Reply to those who think it absurd to take precautions against
invasion:--It's the Hun-expected that always happens.

       * * *

A great fall of cliff occurred last week between Beachy Head and
Seaford, and the Germans are pointing out that the break-up of England
has now begun in earnest.

       *       *       *       *       *

Illustration: "I'M AFRAID IT'LL HAVE TO GO TO THE SAME PLACE AS MY
GERMAN PIPE WENT--THE DUSTBIN. IT SUITED ME, TOO."

       *       *       *       *       *

Mr. Wells on Men's Wear.

    "Her thoughts came back to the dancing little figure in
    purple-striped pyjamas. She had a scared sense of irrevocable
    breaches."

    _The Wife of Sir Isaac Harman._

An obvious misprint in the last word.

       *       *       *       *       *

The Quickest Route.

    "THE KING'S JOURNEY.

    CROSSES CHANNEL IN TORPEDO." Cumberland Evening Mail.

This is the method which the KAISER means to try for his coming invasion
of England.

       *       *       *       *       *

    "Professor G. Sims Woodhead, the Board's consultative
    bacteriological adviser, to whom the report had been submitted,
    said: 'I consider Dr.
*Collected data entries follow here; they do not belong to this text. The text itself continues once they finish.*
lemma mmul_assoc: "mmul m (mmul m A B) C = mmul m A (mmul m B C)"
proof (intro ext)
  fix i j
  have "(\<Sum>l<m. (\<Sum>r<m. A i r * B r l) * C l j) = (\<Sum>l<m. \<Sum>r<m. A i r * B r l * C l j)"
    by (simp add: sum_distrib_right)
  also have "\<dots> = (\<Sum>r<m. \<Sum>l<m. A i r * B r l * C l j)" by (rule sum.swap)
  also have "\<dots> = (\<Sum>r<m. A i r * (\<Sum>l<m. B r l * C l j))"
    by (simp add: sum_distrib_left mult.assoc)
  finally show "mmul m (mmul m A B) C i j = mmul m A (mmul m B C) i j" unfolding mmul_def .
qed

lemma dotv_mv_mtr: "dotv m (mv m A u) v = dotv m u (mv m (mtr A) v)"
  unfolding dotv_def mv_def mtr_def
  by (simp add: sum_distrib_left sum_distrib_right mult_ac, subst sum.swap, simp)

lemma mtr_mtr [simp]: "mtr (mtr A) = A"
  by (simp add: mtr_def)

lemma mv_meq: "meq m A B \<Longrightarrow> mv m A v = mv m B v"
  unfolding meq_def mv_def by (auto intro!: ext sum.cong)

lemma mv_mscale: "mv m (mscale c A) v = (\<lambda>i. c * mv m A v i)"
  unfolding mv_def mscale_def by (auto intro!: ext simp: sum_distrib_left mult_ac)

lemma sum_idm: "(\<Sum>l<m. idm i l * f l) = (if i < m then f i else 0)"
  unfolding idm_def by (simp add: if_distrib[of "\<lambda>c. c * _"] sum.delta cong: if_cong)

lemma dotv_mv_idm [simp]: "dotv m u (mv m idm v) = dotv m u v"
  unfolding dotv_def mv_def by (simp add: sum_idm)

lemma mv_diff: "mv m A (\<lambda>i. a i - b i) = (\<lambda>i. mv m A a i - mv m A b i)"
  unfolding mv_def by (auto intro!: ext simp: algebra_simps sum_subtractf)

lemma mv_average: "mv m A (\<lambda>i. (a i + b i) / 2) = (\<lambda>i. (mv m A a i + mv m A b i) / 2)"
  unfolding mv_def
  by (auto intro!: ext simp: algebra_simps sum.distrib sum_divide_distrib[symmetric] add_divide_distrib)

lemma dotv_diff_left: "dotv m (\<lambda>i. a i - b i) c = dotv m a c - dotv m b c"
  unfolding dotv_def by (simp add: algebra_simps sum_subtractf)

lemma dotv_diff_right: "dotv m c (\<lambda>i. a i - b i) = dotv m c a - dotv m c b"
  unfolding dotv_def by (simp add: algebra_simps sum_subtractf)

lemma dotv_add_left: "dotv m (\<lambda>i. a i + b i) c = dotv m a c + dotv m b c"
  unfolding dotv_def by (simp add: algebra_simps sum.distrib)

lemma dotv_average_left: "dotv m (\<lambda>i. (a i + b i) / 2) c = (dotv m a c + dotv m b c) / 2"
  unfolding dotv_def
  by (simp add: algebra_simps sum.distrib sum_divide_distrib[symmetric] add_divide_distrib)

lemma dotv_average_right: "dotv m c (\<lambda>i. (a i + b i) / 2) = (dotv m c a + dotv m c b) / 2"
  unfolding dotv_def
  by (simp add: algebra_simps sum.distrib sum_divide_distrib[symmetric] add_divide_distrib)
text \<open>V is a direct sum of two nonzero subcomodules: there is a basis whose first m
 vectors span one summand and the remaining n-m the other, both subcomodules,
 i.e. the coefficient matrix is block diagonal.\<close>
definition decomposable :: "('k::field \<Rightarrow> 'h::ring_1 \<Rightarrow> 'h) \<Rightarrow> nat \<Rightarrow> (nat \<Rightarrow> nat \<Rightarrow> 'h) \<Rightarrow> bool" where
  "decomposable sc n C \<longleftrightarrow> (\<exists>P Q m. mat_inv n P Q \<and> 0 < m \<and> m < n \<and>
      (\<forall>i<n. \<forall>j<n. (i < m \<longleftrightarrow> m \<le> j) \<longrightarrow> conj sc n P Q C i j = 0))"

definition indecomposable :: "('k::field \<Rightarrow> 'h::ring_1 \<Rightarrow> 'h) \<Rightarrow> nat \<Rightarrow> (nat \<Rightarrow> nat \<Rightarrow> 'h) \<Rightarrow> bool" where
  "indecomposable sc n C \<longleftrightarrow> 0 < n \<and> \<not> decomposable sc n C"

text \<open>Simple: nonzero and no proper nonzero subcomodule (span of the first m vectors of
 some basis being a subcomodule means the lower-left block vanishes).\<close>
definition simple_comod :: "('k::field \<Rightarrow> 'h::ring_1 \<Rightarrow> 'h) \<Rightarrow> nat \<Rightarrow> (nat \<Rightarrow> nat \<Rightarrow> 'h) \<Rightarrow> bool" where
  "simple_comod sc n C \<longleftrightarrow> 0 < n \<and> \<not> (\<exists>P Q m. mat_inv n P Q \<and> 0 < m \<and> m < n \<and>
      (\<forall>i<n. \<forall>j<n. m \<le> i \<and> j < m \<longrightarrow> conj sc n P Q C i j = 0))"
Mair's work contains a germ of great
    promise.'"

    _Birmingham Daily Mail._

We hope the Professor will not lose sight of the promising young
microbe.

       *       *       *       *       *

    "For any enemy ship to try to get into Dover at the present time
    would be like entering the mouth of hell.

    [We understand that the Admiralty have received no condemnation of
    this.]"

    _Daily Telegraph._

We hope that none of our contemporaries will blame the Admiralty for its
lack of information.

       *       *       *       *       *

    "Rev. Owen S. Watkins, one of the Wesleyan Methodist Chaplains with
    the Expeditionary Force (already mentioned in the dispatches), tells
    some most extraordinary stories of his experiences at the Front."

    _Public Opinion._

We remember now some mention of this "Expeditionary Force" being made in
despatches, and we wondered at the time why the Censor allowed such a
public reference to it.

       *       *       *       *       *

The Russians quietly evacuated Lodz without the loss of a single man.
The Germans allege that they captured it after strenuous fighting.
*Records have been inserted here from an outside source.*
(* Assume $\mu(f)<0$ and (L): for any $\delta,\varepsilon>0$ and compact $K\subset E$ there are $N>0$, $p>0$ such that for all $n\ge N$ and $x\in K$, $\mathbb P^x\{|\frac1{n\delta}\int_0^{n\delta}f(X_s)ds-\mu(f)|>\varepsilon\}\le e^{-pn\delta}$. Then for every $x\in E$ there is $d(x)<0$ such that $$\gamma(x)=\sup_\tau\limsup_{T\to\infty}\mathbb E^x\Big\{\int_0^{\tau\wedge T}\big(f(X_s)-d(x)\big)ds\Big\}<\infty.$$
   Context: $E$ is a locally compact separable metric space in which every closed ball is compact. $(X_t)$ is a right-continuous time-homogeneous (standard) Markov process on $E$ with laws $\mathbb P^x$, expectations $\mathbb E^x$, satisfying the weak Feller property and ergodicity (a unique probability measure $\mu$ with $\|P_t(x,\cdot)-\mu\|_{TV}\to0$ for all $x$); $\mu(f)=\int f\,d\mu$. $f:E\to\mathbb R$ is continuous and bounded. Stopping times may be infinite. *)

theory Defs
  imports "HOL-Probability.Probability"
begin

text \<open>Total variation distance between two finite measures on the same space
  (sup over measurable sets of the difference; this is half the usual TV norm,
  which does not affect convergence to 0).\<close>
definition tv_dist :: "'a measure \<Rightarrow> 'a measure \<Rightarrow> real" where
  "tv_dist M N = (SUP A \<in> sets M. \<bar>measure M A - measure N A\<bar>)"

definition is_filtration :: "'w measure \<Rightarrow> (real \<Rightarrow> 'w measure) \<Rightarrow> bool" where
  "is_filtration \<Omega> F \<longleftrightarrow>
     (\<forall>t\<ge>0. space (F t) = space \<Omega> \<and> sets (F t) \<subseteq> sets \<Omega>) \<and>
     (\<forall>s t. 0 \<le> s \<longrightarrow> s \<le> t \<longrightarrow> sets (F s) \<subseteq> sets (F t))"

definition stopping_time_on :: "'w measure \<Rightarrow> (real \<Rightarrow> 'w measure) \<Rightarrow> ('w \<Rightarrow> ereal) \<Rightarrow> bool" where
  "stopping_time_on \<Omega> F \<tau> \<longleftrightarrow>
     (\<forall>\<omega>\<in>space \<Omega>. 0 \<le> \<tau> \<omega>) \<and>
     (\<forall>t\<ge>0. {\<omega>\<in>space \<Omega>. \<tau> \<omega> \<le> ereal t} \<in> sets (F t))"

definition trans_law :: "('a \<Rightarrow> 'w measure) \<Rightarrow> (real \<Rightarrow> 'w \<Rightarrow> 'a::topological_space)
     \<Rightarrow> real \<Rightarrow> 'a \<Rightarrow> 'a measure" where
  "trans_law P X t x = distr (P x) borel (X t)"

definition markov_family ::
  "'w measure \<Rightarrow> (real \<Rightarrow> 'w measure) \<Rightarrow> ('a \<Rightarrow> 'w measure) \<Rightarrow> (real \<Rightarrow> 'w \<Rightarrow> 'a::topological_space) \<Rightarrow> bool" where
  "markov_family \<Omega> F P X \<longleftrightarrow>
     is_filtration \<Omega> F \<and>
     (\<forall>x. prob_space (P x) \<and> sets (P x) = sets \<Omega>) \<and>
     (\<forall>t\<ge>0. X t \<in> F t \<rightarrow>\<^sub>M borel) \<and>
     (\<forall>\<omega>\<in>space \<Omega>. \<forall>t\<ge>0. continuous (at_right t) (\<lambda>s. X s \<omega>)) \<and>
     (\<forall>x. AE \<omega> in P x. X 0 \<omega> = x) \<and>
     (\<forall>t\<ge>0. \<forall>A\<in>sets borel. (\<lambda>y. measure (P y) {\<omega>\<in>space \<Omega>. X t \<omega> \<in> A}) \<in> borel_measurable borel) \<and>
     (\<forall>x s t A B. 0 \<le> s \<longrightarrow> 0 \<le> t \<longrightarrow> A \<in> sets borel \<longrightarrow> B \<in> sets (F s) \<longrightarrow>
        measure (P x) ({\<omega>\<in>space \<Omega>. X (s + t) \<omega> \<in> A} \<inter> B) =
        (\<integral>\<omega>. indicator B \<omega> * measure (P (X s \<omega>)) {\<omega>'\<in>space \<Omega>. X t \<omega>' \<in> A} \<partial>P x))"

definition weak_feller :: "('a \<Rightarrow> 'w measure) \<Rightarrow> (real \<Rightarrow> 'w \<Rightarrow> 'a::topological_space) \<Rightarrow> bool" where
  "weak_feller P X \<longleftrightarrow>
     (\<forall>t\<ge>0. \<forall>g::'a \<Rightarrow> real. continuous_on UNIV g \<longrightarrow> bounded (range g) \<longrightarrow>
        continuous_on UNIV (\<lambda>x. \<integral>\<omega>. g (X t \<omega>) \<partial>P x))"

definition ergodic_with :: "('a \<Rightarrow> 'w measure) \<Rightarrow> (real \<Rightarrow> 'w \<Rightarrow> 'a::topological_space) \<Rightarrow> 'a measure \<Rightarrow> bool" where
  "ergodic_with P X \<mu> \<longleftrightarrow>
     prob_space \<mu> \<and> sets \<mu> = sets borel \<and>
     (\<forall>x. ((\<lambda>t. tv_dist (trans_law P X t x) \<mu>) \<longlongrightarrow> 0) at_top)"

end

theory Submission imports Defs begin

text \<open>Take \<open>d = \<mu>(f)/2\<close> and apply (L) with \<open>\<delta> = 1\<close> and \<open>K = {x}\<close>: for \<open>n \<ge> N\<close> the event
  \<open>E n\<close> that the integral of \<open>f(X)\<close> over \<open>[0, n]\<close> exceeds \<open>d n\<close> has probability at most
  \<open>exp (-p n)\<close>. Off \<open>E n\<close> the integral of \<open>f(X) - d\<close> over \<open>[0, n]\<close> is nonpositive, and it is always
  at most \<open>B n\<close> with \<open>B = sup \<bar>f\<bar> + \<bar>d\<bar>\<close>; the fractional part of \<open>t\<close> adds at most \<open>B\<close>. Hence the
  integrals of \<open>f(X) - d\<close> over \<open>[0, t]\<close>, \<open>t \<ge> 0\<close>, are dominated uniformly in \<open>t\<close> by
  \<open>B (N + 1) + \<Sum>n. B n 1\<^bsub>E n\<^esub>\<close>, which has finite expectation since \<open>\<Sum>n. n exp (-p n) < \<infinity>\<close>.
  Evaluating at \<open>t = min \<tau> T\<close> bounds \<open>\<gamma>(x)\<close>.\<close>

lemma markov_family_measurable_state:
  assumes "markov_family \<Omega> F P X" "0 \<le> t"
  shows "X t \<in> \<Omega> \<rightarrow>\<^sub>M borel"
proof -
  from assms have "X t \<in> F t \<rightarrow>\<^sub>M borel" "space (F t) = space \<Omega>" "sets (F t) \<subseteq> sets \<Omega>"
    unfolding markov_family_def is_filtration_def by auto
  then show ?thesis
    unfolding measurable_def by auto
qed

lemma ceiling_grid_bounds:
  fixes s :: real
  shows "s \<le> \<lceil>real (Suc k) * s\<rceil> / real (Suc k)"
    and "\<lceil>real (Suc k) * s\<rceil> / real (Suc k) \<le> s + 1 / real (Suc k)"
proof -
  have "real (Suc k) * s \<le> \<lceil>real (Suc k) * s\<rceil>" "\<lceil>real (Suc k) * s\<rceil> \<le> real (Suc k) * s + 1"
    by linarith+
  then show "s \<le> \<lceil>real (Suc k) * s\<rceil> / real (Suc k)"
    and "\<lceil>real (Suc k) * s\<rceil> / real (Suc k) \<le> s + 1 / real (Suc k)"
    by (simp_all add: field_simps del: of_nat_Suc)
qed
"And how can man lie better
Than facing fearful Lodz?"

       *       *       *       *       *

BETWEEN MIDNIGHT AND MORNING.

    [Lines for _King Albert's Book_, published to-day for the benefit of
    _The Daily Telegraph's_ Belgian Relief Fund.]

  You that have faith to look with fearless eyes
    Beyond the tragedy of a world at strife,
  And trust that out of night and death shall rise
          The dawn of ampler life;

  Rejoice, whatever anguish rend your heart,
    That God has given you, for a priceless dower,
  To live in these great times and have your part
          In Freedom's crowning hour.

  That you may tell your sons who see the light
    High in the heaven, their heritage to take:--
  "I saw the powers of darkness put to flight.
          I saw the morning break!"

  O. S.

       *       *       *       *       *

FINANCIAL STRATEGY.

In some respects one is no doubt compelled to admire the foresight of
those gentlemen who are writing the History of the War while it is in
progress, but as Mabel (my wife and very able colleague) justly
observes, no History of the War, however copious or however fully
illustrated, can be considered complete without a few salient details of
the campaign by which The Snookeries (our domestic stronghold in
Tooting) was saved from the fate of Belgium.

That omission I propose to remedy. Peace hath her strategy no less than
War.

For some time prior to the Declaration of War it was evident that the
butcher, the baker, and other foes of our domestic happiness were
gathering for an onslaught. The attitude of the butcher was particularly
uncompromising: I do not hesitate to describe it as distinctly Hun-ish.
Diplomacy gave little hope of preserving peace, so that I was not
altogether surprised when the war opened with a heavy bombardment. A
brigade of small accounts advanced in skirmishing order, but were
disposed of without trouble.

Mabel suggested a temporary withdrawal to the sand-dunes of
Mudville-on-Sea, but I pointed out that this meant sacrificing part of
our scanty store of ammunition and had the further disadvantage of
cutting us off from our base of supplies in the City, to say nothing of
losing touch with Uncle Robert, who has so often proved a staunch ally
in a crisis.

We therefore resolved to entrench ourselves behind the Moratorium and
prepared for a stubborn resistance. From this strong position we were
able to sustain without loss a brisk fire of explosive missives which
continued unchecked for some weeks. Speaking quite candidly, and
dropping the language of the Press Bureau for the moment, there has
never been a time when the postman's rat-tat has occasioned me less
emotion.

The defences of the Moratorium did not save us from sundry annoying
raids upon our supplies, the butcher being peculiarly active in this
kind of warfare. I repeat, the butcher is a true Hun and must be sternly
dealt with after the Peace. I was forced to silence him temporarily with
a few shots from my new one-pounders.

I would like to say what a valuable weapon the one-pounder has proved in
this campaign. It is wonderfully mobile and saves the waste of heavier
ammunition. My only regret is that we were not armed with more of them.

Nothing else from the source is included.